Introduction: The inv dup (15) syndrome is a rare chromosomal characterized by developmental delay,
mental retardation, autistic features and epilepsy. Facial dysmorphic features are
absent or subtle. Clinical course of epilepsy and EEG findings are highly variable.
Up to date, our knowledge about the associated epilepsy types as well as the electrophysiological
features is limited.
Case-Report: We report the case of a mentally retarded 24-year-old woman without facial dysmorphic
features, diagnosed with catastrophic epilepsy, who was referred for the first time
to our centre to perform Video-EEG-recording. Manifestation of epilepsy in childhood
(9yrs of age, status epilepticus), in the course of time manifestation of various
seizure types, pharmacoresistent for VPA, TPM, OXC, LTG, PHT. Medication at time of
referral: CBZ, CLB, LTG; seizure frequency 50/day. During video-EEG-monitoring registration
of tonic, atonic seizures, atypical absences and secondarily generalized seizures.

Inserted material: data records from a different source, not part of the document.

(* The primes up to 29: a number below 30 coprime to 2, 3 and 5 is 1 or a prime. *)
lemma primes_upto_29: "primes_upto 29 = {2, 3, 5, 7, 11, 13, 17, 19, 23, 29}"
proof
  show "primes_upto 29 \<subseteq> {2, 3, 5, 7, 11, 13, 17, 19, 23, 29}"
  proof
    fix p assume "p \<in> primes_upto 29"
    then have p: "prime p" "p \<le> 29" by (auto simp: primes_upto_def)
    have only_trivial_divisors: "q dvd p \<Longrightarrow> q = 1 \<or> q = p" for q
      using p(1) by (simp add: prime_nat_iff)
    have "p > 1" using prime_gt_1_nat[OF p(1)] .
    moreover have "2 dvd p \<Longrightarrow> p = 2" "3 dvd p \<Longrightarrow> p = 3" "5 dvd p \<Longrightarrow> p = 5"
      using only_trivial_divisors by force+
    ultimately show "p \<in> {2, 3, 5, 7, 11, 13, 17, 19, 23, 29}" using p(2) by simp presburger
  qed
  have "prime (3::nat)" "prime (5::nat)" "prime (7::nat)" "prime (11::nat)" "prime (13::nat)"
    "prime (17::nat)" "prime (19::nat)" "prime (23::nat)" "prime (29::nat)"
    by (simp_all add: prime_nat_iff' atLeastLessThan_upt upt_rec)
  then show "{2, 3, 5, 7, 11, 13, 17, 19, 23, 29} \<subseteq> primes_upto 29"
    using two_is_prime_nat by (auto simp: primes_upto_def)
qed
(* Let $(a,b,c,\lambda)\in(\mathbb F^\times)^4$ and $(\mu,\varphi,\omega^*,\omega^\varepsilon)\in\mathbb F^\times\times\mathbb F^3$. Suppose a $\triangle_q$-module $V$ contains a nonzero vector $v$ with $Bv=(\mu+\mu^{-1})v$, $(B-\mu q^2-\mu^{-1}q^{-2})Av=(q-q^{-1})\varphi v$, $\beta v=\omega^*v$ and $\gamma v=\omega^\varepsilon v$. Then $(a,b,c,\lambda)$ is feasible for $(\mu,\varphi,\omega^*,\omega^\varepsilon)$ if and only if both (i) $\mu=b\lambda^{-1}$ and (ii) there exists a $\triangle_q$-module homomorphism $M_\lambda(a,b,c)\to V$ sending $m_0$ to $v$.
   Context: $\mathbb F$ is an algebraically closed field and $q\in\mathbb F^\times$ is a root of unity of order $d\notin\{1,2,4\}$. $\triangle_q$ is the unital associative $\mathbb F$-algebra with generators $A,B,C$ subject to: each of $A+\frac{qBC-q^{-1}CB}{q^2-q^{-2}}$, $B+\frac{qCA-q^{-1}AC}{q^2-q^{-2}}$, $C+\frac{qAB-q^{-1}BA}{q^2-q^{-2}}$ is central; $\alpha,\beta,\gamma$ denote these multiplied by $q+q^{-1}$. For $(a,b,c,\lambda)\in(\mathbb F^\times)^4$, $i\in\mathbb N$: $\theta_i=a\lambda^{-1}q^{2i}+a^{-1}\lambda q^{-2i}$, $\theta_i^*=b\lambda^{-1}q^{2i}+b^{-1}\lambda q^{-2i}$, $\varphi_i=a^{-1}b^{-1}\lambda q(q^i-q^{-i})(\lambda^{-1}q^{i-1}-\lambda q^{1-i})(q^{-i}-abc\lambda^{-1}q^{i-1})(q^{-i}-abc^{-1}\lambda^{-1}q^{i-1})$. $M_\lambda(a,b,c)$ is the $\triangle_q$-module with basis $\{m_i\}_{i\in\mathbb N}$ with $(A-\theta_i)m_i=m_{i+1}$, $(B-\theta_i^* )m_i=\varphi_im_{i-1}$, and $\alpha,\beta,\gamma$ acting as $(b+b^{-1})(c+c^{-1})+(a+a^{-1})(\lambda q+\lambda^{-1}q^{-1})$, $(c+c^{-1})(a+a^{-1})+(b+b^{-1})(\lambda q+\lambda^{-1}q^{-1})$, $(a+a^{-1})(b+b^{-1})+(c+c^{-1})(\lambda q+\lambda^{-1}q^{-1})$. $(a,b,c,\lambda)$ is called feasible for $(\mu,\varphi,\omega^*,\omega^\varepsilon)$ if $\mu=b\lambda^{-1}$, $\varphi=(c+c^{-1})(\lambda-\lambda^{-1})-(a+a^{-1})(bq-b^{-1}q^{-1})$, $\omega^*=(c+c^{-1})(a+a^{-1})+(b+b^{-1})(\lambda q+\lambda^{-1}q^{-1})$, and $\omega^\varepsilon=(a+a^{-1})(b+b^{-1})+(c+c^{-1})(\lambda q+\lambda^{-1}q^{-1})$. *)

theory Defs
  imports "HOL-Computational_Algebra.Polynomial" "HOL-Library.Poly_Mapping"
begin
text \<open>Write g = G(.,r) and let \<phi>(\<rho>) = \<rho>^(n-1) g(\<rho>) g'(\<rho>) be the radial flux. Away from r the
  equation gives \<phi>' = \<rho>^(n-1) (g'^2 + V g^2) \<ge> 0; the Neumann conditions force \<phi> \<rightarrow> 0 at both
  ends of (0,1), and the unit jump of g' at r makes the total variation of \<phi> equal to r^(n-1) g(r).
  Hence the integral of \<rho>^(n-1) (g'^2 + V g^2) over (0,1) is r^(n-1) G(r,r), and in polar
  coordinates Q(g(|x|)) is |\<partial>B_1| times this integral. Dividing g by G(r,r) gives F(r).\<close>

section \<open>Polar coordinates on the unit ball\<close>

lemma nn_integral_Ioo_power_density:
  fixes \<alpha> w :: real and n :: nat
  assumes "0 \<le> \<alpha>" "\<alpha> \<le> 1" "1 \<le> n" "0 \<le> w"
  shows "(\<integral>\<^sup>+\<rho>. indicator {\<alpha><..<1} \<rho> * ennreal (real n * w * \<rho> ^ (n - 1)) \<partial>lborel)
         = ennreal (w - w * \<alpha> ^ n)"
proof -
  have "(\<integral>\<^sup>+\<rho>. indicator {\<alpha><..<1} \<rho> * ennreal (real n * w * \<rho> ^ (n - 1)) \<partial>lborel)
      = (\<integral>\<^sup>+\<rho>. ennreal (real n * w * \<rho> ^ (n - 1)) * indicator {\<alpha>..1} \<rho> \<partial>lborel)"
    using AE_lborel_singleton[of \<alpha>] AE_lborel_singleton[of 1]
    by (intro nn_integral_cong_AE, eventually_elim) (auto simp: indicator_def)
  also have "\<dots> = ennreal (w * 1 ^ n - w * \<alpha> ^ n)"
    using assms
    by (intro nn_integral_FTC_Icc[where F="\<lambda>x. w * x ^ n"]) (auto intro!: derivative_eq_intros)
  finally show ?thesis by simp
qed

lemma emeasure_radial_density_greaterThan:
  fixes w t :: real and n :: nat
  assumes n: "1 \<le> n" and w: "0 \<le> w"
  shows "emeasure (density lborel (\<lambda>\<rho>. indicator {0<..<1} \<rho> * ennreal (real n * w * \<rho> ^ (n - 1)))) {t<..}
       = ennreal (if t < 0 then w else if t < 1 then w - w * t ^ n else 0)"
proof -
  have "emeasure (density lborel (\<lambda>\<rho>. indicator {0<..<1} \<rho> * ennreal (real n * w * \<rho> ^ (n - 1)))) {t<..}
      = (\<integral>\<^sup>+\<rho>. indicator {max 0 t<..<1} \<rho> * ennreal (real n * w * \<rho> ^ (n - 1)) \<partial>lborel)"
    by (subst emeasure_density) (auto intro!: nn_integral_cong simp: indicator_def)
  also have "\<dots> = ennreal (if t < 0 then w else if t < 1 then w - w * t ^ n else 0)"
    using nn_integral_Ioo_power_density[of 0 n w] nn_integral_Ioo_power_density[of t n w] n w
    by (cases "t < 0"; cases "t < 1") (auto simp: max_def power_0_left)
  finally show ?thesis .
qed

lemma emeasure_unit_ball_norm_greaterThan:
  fixes t :: real
  defines "w \<equiv> unit_ball_vol (real DIM('a::euclidean_space))"
  shows "emeasure lborel (ball (0::'a) 1 \<inter> norm -` {t<..})
       = ennreal (if t < 0 then w else if t < 1 then w - w * t ^ DIM('a) else 0)"
proof (cases "t < 0")
  case True
  then have "ball (0::'a) 1 \<inter> norm -` {t<..} = ball 0 1"
    by (auto intro: less_le_trans[OF _ norm_ge_zero])
  then show ?thesis using True by (simp add: emeasure_ball w_def)
next
  case False
  show ?thesis
  proof (cases "t < 1")
    case True
    then have "ball (0::'a) 1 \<inter> norm -` {t<..} = ball 0 1 - cball 0 t" by auto
    moreover have "emeasure lborel (ball (0::'a) 1 - cball 0 t)
        = emeasure lborel (ball (0::'a) 1) - emeasure lborel (cball (0::'a) t)"
      using True False by (intro emeasure_Diff) (auto simp: emeasure_cball)
    ultimately show ?thesis using True False
      by (simp add: emeasure_ball emeasure_cball w_def ennreal_minus mult.commute)
  next
    case False2: False
    then have "ball (0::'a) 1 \<inter> norm -` {t<..} = {}" by auto
    then show ?thesis using False False2 by simp
  qed
qed

lemma distr_norm_unit_ball:
  "distr (density lborel (indicator (ball (0::'a::euclidean_space) 1))) borel norm
     = density lborel (\<lambda>\<rho>. indicator {0<..<1} \<rho> *
         ennreal (real DIM('a) * unit_ball_vol (real DIM('a)) * \<rho> ^ (DIM('a) - 1)))"
    (is "?M = ?N")
proof (rule measure_eqI_lessThan)
  have "norm -` {t<..} \<in> sets (borel :: 'a measure)" for t
    by (simp add: open_vimage continuous_on_norm_id)
  then have "emeasure ?M {t<..} = emeasure lborel (ball (0::'a) 1 \<inter> norm -` {t<..})" for t
    by (simp add: emeasure_distr emeasure_restricted)
  then have M: "emeasure ?M {t<..} = ennreal (if t < 0 then unit_ball_vol (real DIM('a)) else
      if t < 1 then unit_ball_vol (real DIM('a)) - unit_ball_vol (real DIM('a)) * t ^ DIM('a) else 0)" for t
    by (simp only: emeasure_unit_ball_norm_greaterThan)
  show "emeasure ?M {t<..} < \<infinity>" for t
    by (simp add: M)
  show "emeasure ?M {t<..} = emeasure ?N {t<..}" for t
    using emeasure_radial_density_greaterThan[of "DIM('a)" "unit_ball_vol (real DIM('a))" t]
    by (simp add: M Suc_leI)
qed auto

lemma nn_integral_unit_ball_radial:
  fixes F :: "real \<Rightarrow> ennreal"
  assumes F: "F \<in> borel_measurable borel"
  shows "(\<integral>\<^sup>+x. indicator (ball (0::'a::euclidean_space) 1) x * F (norm x) \<partial>lborel)
     = (\<integral>\<^sup>+\<rho>. indicator {0<..<1} \<rho> *
          ennreal (real DIM('a) * unit_ball_vol (real DIM('a)) * \<rho> ^ (DIM('a) - 1)) * F \<rho> \<partial>lborel)"
proof -
  have "(indicator (ball (0::'a) 1) :: 'a \<Rightarrow> ennreal) \<in> borel_measurable borel"
    by (rule borel_measurable_indicator) auto
  then have "(\<integral>\<^sup>+x. indicator (ball (0::'a) 1) x * F (norm x) \<partial>lborel)
      = (\<integral>\<^sup>+\<rho>. F \<rho> \<partial>distr (density lborel (indicator (ball (0::'a) 1))) borel norm)"
    using F by (simp add: nn_integral_density nn_integral_distr)
  then show ?thesis
    unfolding distr_norm_unit_ball using F by (simp add: nn_integral_density)
qed

lemma has_integral_unit_ball_radial:
  fixes f :: "real \<Rightarrow> real"
  assumes f_borel: "f \<in> borel_measurable borel" and f_nonneg: "\<And>\<rho>. 0 \<le> f \<rho>"
    and I: "((\<lambda>\<rho>. \<rho> ^ (DIM('a) - 1) * f \<rho>) has_integral I) {0<..<1}"
  shows "((\<lambda>x::'a::euclidean_space. f (norm x)) has_integral
           real DIM('a) * unit_ball_vol (real DIM('a)) * I) (ball 0 1)"
proof -
  define c where "c = real DIM('a) * unit_ball_vol (real DIM('a))"
  have c_nonneg: "0 \<le> c" by (simp add: c_def)
  have I_nonneg: "0 \<le> I"
    by (rule has_integral_nonneg[OF I]) (simp add: f_nonneg)
  have radial: "(\<integral>\<^sup>+\<rho>. ennreal (\<rho> ^ (DIM('a) - 1) * f \<rho>) * indicator {0<..<1} \<rho> \<partial>lborel) = ennreal I"
    by (rule nn_integral_has_integral_lebesgue'[OF _ I]) (simp add: f_nonneg)
  have "(\<integral>\<^sup>+x. ennreal (indicator (ball (0::'a) 1) x * f (norm x)) \<partial>lborel)
      = (\<integral>\<^sup>+x. indicator (ball (0::'a) 1) x * ennreal (f (norm x)) \<partial>lborel)"
    by (intro nn_integral_cong) (simp add: indicator_def)
  also have "\<dots> = (\<integral>\<^sup>+\<rho>. indicator {0<..<1} \<rho> * ennreal (c * \<rho> ^ (DIM('a) - 1)) * ennreal (f \<rho>) \<partial>lborel)"
    using nn_integral_unit_ball_radial[of "\<lambda>\<rho>. ennreal (f \<rho>)", where 'a='a] f_borel
    by (simp add: c_def)
  also have "\<dots> = (\<integral>\<^sup>+\<rho>. ennreal c * (ennreal (\<rho> ^ (DIM('a) - 1) * f \<rho>) * indicator {0<..<1} \<rho>) \<partial>lborel)"
    by (intro nn_integral_cong)
       (auto simp: indicator_def c_nonneg f_nonneg ennreal_mult'[symmetric] mult_ac)
  also have "\<dots> = ennreal (c * I)"
    using f_borel c_nonneg I_nonneg by (subst nn_integral_cmult) (simp_all only: radial ennreal_mult, auto)
  moreover have "(\<lambda>x. indicator (ball (0::'a) 1) x * f (norm x)) \<in> borel_measurable borel"
    using measurable_compose[OF borel_measurable_norm f_borel]
    by (intro borel_measurable_times borel_measurable_indicator) auto
  ultimately have "((\<lambda>x. indicator (ball (0::'a) 1) x * f (norm x)) has_integral c * I) UNIV"
    by (intro nn_integral_has_integral) (use f_nonneg c_nonneg I_nonneg in auto)
  moreover have "(\<lambda>x. indicator (ball (0::'a) 1) x * f (norm x)) = (\<lambda>x. if x \<in> ball 0 1 then f (norm x) else 0)"
    by (auto simp: indicator_def)
  ultimately show ?thesis
    unfolding c_def by (simp only: has_integral_restrict_UNIV)
qed
lemma fps_deriv_egf_des_sign_LRmin_RLmin:
  "fps_deriv (egf (des_sign_LRmin_RLmin x)) =
    fps_const (- 2 * x) * egf signed_tangent * egf (des_sign_LRmin_RLmin x)"
proof -
  have "(2 - egf (des_sign_LRmin x)) * egf (des_sign_RLmin x) =
      egf (\<lambda>j. (-1) ^ of_bool (0 < j) * des_sign_LRmin x j) * egf (des_sign_RLmin x)"
    by (simp add: egf_sign_times)
  also have "\<dots> = egf (des_sign_LRmin_RLmin x)"
    by (simp add: egf_mult des_sign_LRmin_RLmin_def[abs_def] mult.assoc)
  finally have P: "egf (des_sign_LRmin_RLmin x) = (2 - egf (des_sign_LRmin x)) * egf (des_sign_RLmin x)" ..
  have ring: "- (c * ((2 - F) * (1 + T))) * G + (2 - F) * (c * ((2 - (1 + T)) * G)) =
      - (2 * c) * T * ((2 - F) * G)" for c F G T :: "real fps"
    by (simp add: algebra_simps)
  have "fps_deriv ((2 - egf (des_sign_LRmin x)) * egf (des_sign_RLmin x)) =
      - fps_deriv (egf (des_sign_LRmin x)) * egf (des_sign_RLmin x) +
      (2 - egf (des_sign_LRmin x)) * fps_deriv (egf (des_sign_RLmin x))"
    by simp
  also have "\<dots> = - (2 * fps_const x) * egf signed_tangent * ((2 - egf (des_sign_LRmin x)) * egf (des_sign_RLmin x))"
    unfolding fps_deriv_egf_des_sign_LRmin fps_deriv_egf_des_sign_RLmin egf_des_sign by (rule ring)
  also have "- (2 * fps_const x) = fps_const (- 2 * x)"
    by (simp add: numeral_fps_const)
  finally show ?thesis
    unfolding P .
qed

lemma des_sign_LRmin_RLmin_eq: "des_sign_LRmin_RLmin (b / 2) = signed_down_up_RLmin b"
proof -
  have "egf (des_sign_LRmin_RLmin (b / 2)) = egf (signed_down_up_RLmin b)"
  proof (rule fps_deriv_eq_unique[where \<Phi> = "\<lambda>h. fps_const (- b) * egf signed_tangent * h"])
    show "fps_deriv (egf (des_sign_LRmin_RLmin (b / 2))) =
        fps_const (- b) * egf signed_tangent * egf (des_sign_LRmin_RLmin (b / 2))"
      by (simp add: fps_deriv_egf_des_sign_LRmin_RLmin)
    show "fps_nth (egf (des_sign_LRmin_RLmin (b / 2))) 0 = fps_nth (egf (signed_down_up_RLmin b)) 0"
      by (simp add: des_sign_LRmin_RLmin_def signed_down_up_RLmin_def)
  qed (simp_all add: fps_deriv_egf_signed_down_up_RLmin fps_mult_nth_cong)
  then show ?thesis
    by (simp add: egf_eq_iff)
qed

theorem theorem1p12:
  fixes n :: nat and \<beta> :: real
  assumes "n \<ge> 1"
  shows "(\<Sum>s\<in>permutations_of_set {1..n+1}.
            (-1) ^ des s * (\<beta> / 2) ^ (LRmin s + RLmin s - 2)) =
         (if even n
          then (-1) ^ (n div 2) * (\<Sum>s\<in>{s\<in>permutations_of_set {1..n}. down_up s}. \<beta> ^ RLmin s)
          else 0)"
proof -
  have "(\<Sum>s\<in>permutations_of_set {1..n+1}. (-1) ^ des s * (\<beta> / 2) ^ (LRmin s + RLmin s - 2))
      = signed_down_up_RLmin \<beta> n"
    by (simp add: sum_des_sign_LRmin_RLmin des_sign_LRmin_RLmin_eq)
  moreover have "(\<Sum>s\<in>{s\<in>permutations_of_set {1..n}. down_up s}. \<beta> ^ RLmin s) = down_up_RLmin \<beta> n"
    using sum_down_up_RLmin[of "{1..n}" \<beta>] by (simp add: Int_def)
  ultimately show ?thesis
    by (simp add: signed_down_up_RLmin_def)
qed

end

Interictal EEG: during wakefulness: basal rhythm 8Hz, intermittent 2.5Hz slow spike
wave pattern, during sleep: increase of epileptic activity and bursts of generalized
ß-activity. We diagnosed Lennox-Gastaut syndrome and initiated add-on therapy with
RUF. 6 months later implantation of a vagal nerve stimulator with a profound reduction
of seizures (5–15/day). We performed MRI of the brain showing Arnold-Chiari-malformation
type 1 as well as standard cytogenetics associated with FISH analysis, detecting inv
dup (15) syndrome.
Discussion: About 50% of all patients with inv dup (15) who are published in literature develope
pharmacoresistent epilepsy with a wide variety of of seizure types. However, type
of epilepsy and EEG abnormalities are heterogeneous, up to now a common phenotype
could not be established. Chromosome analysis should be performed in all patients
with mental retardation and epilepsy even if dysmorphic features are absent.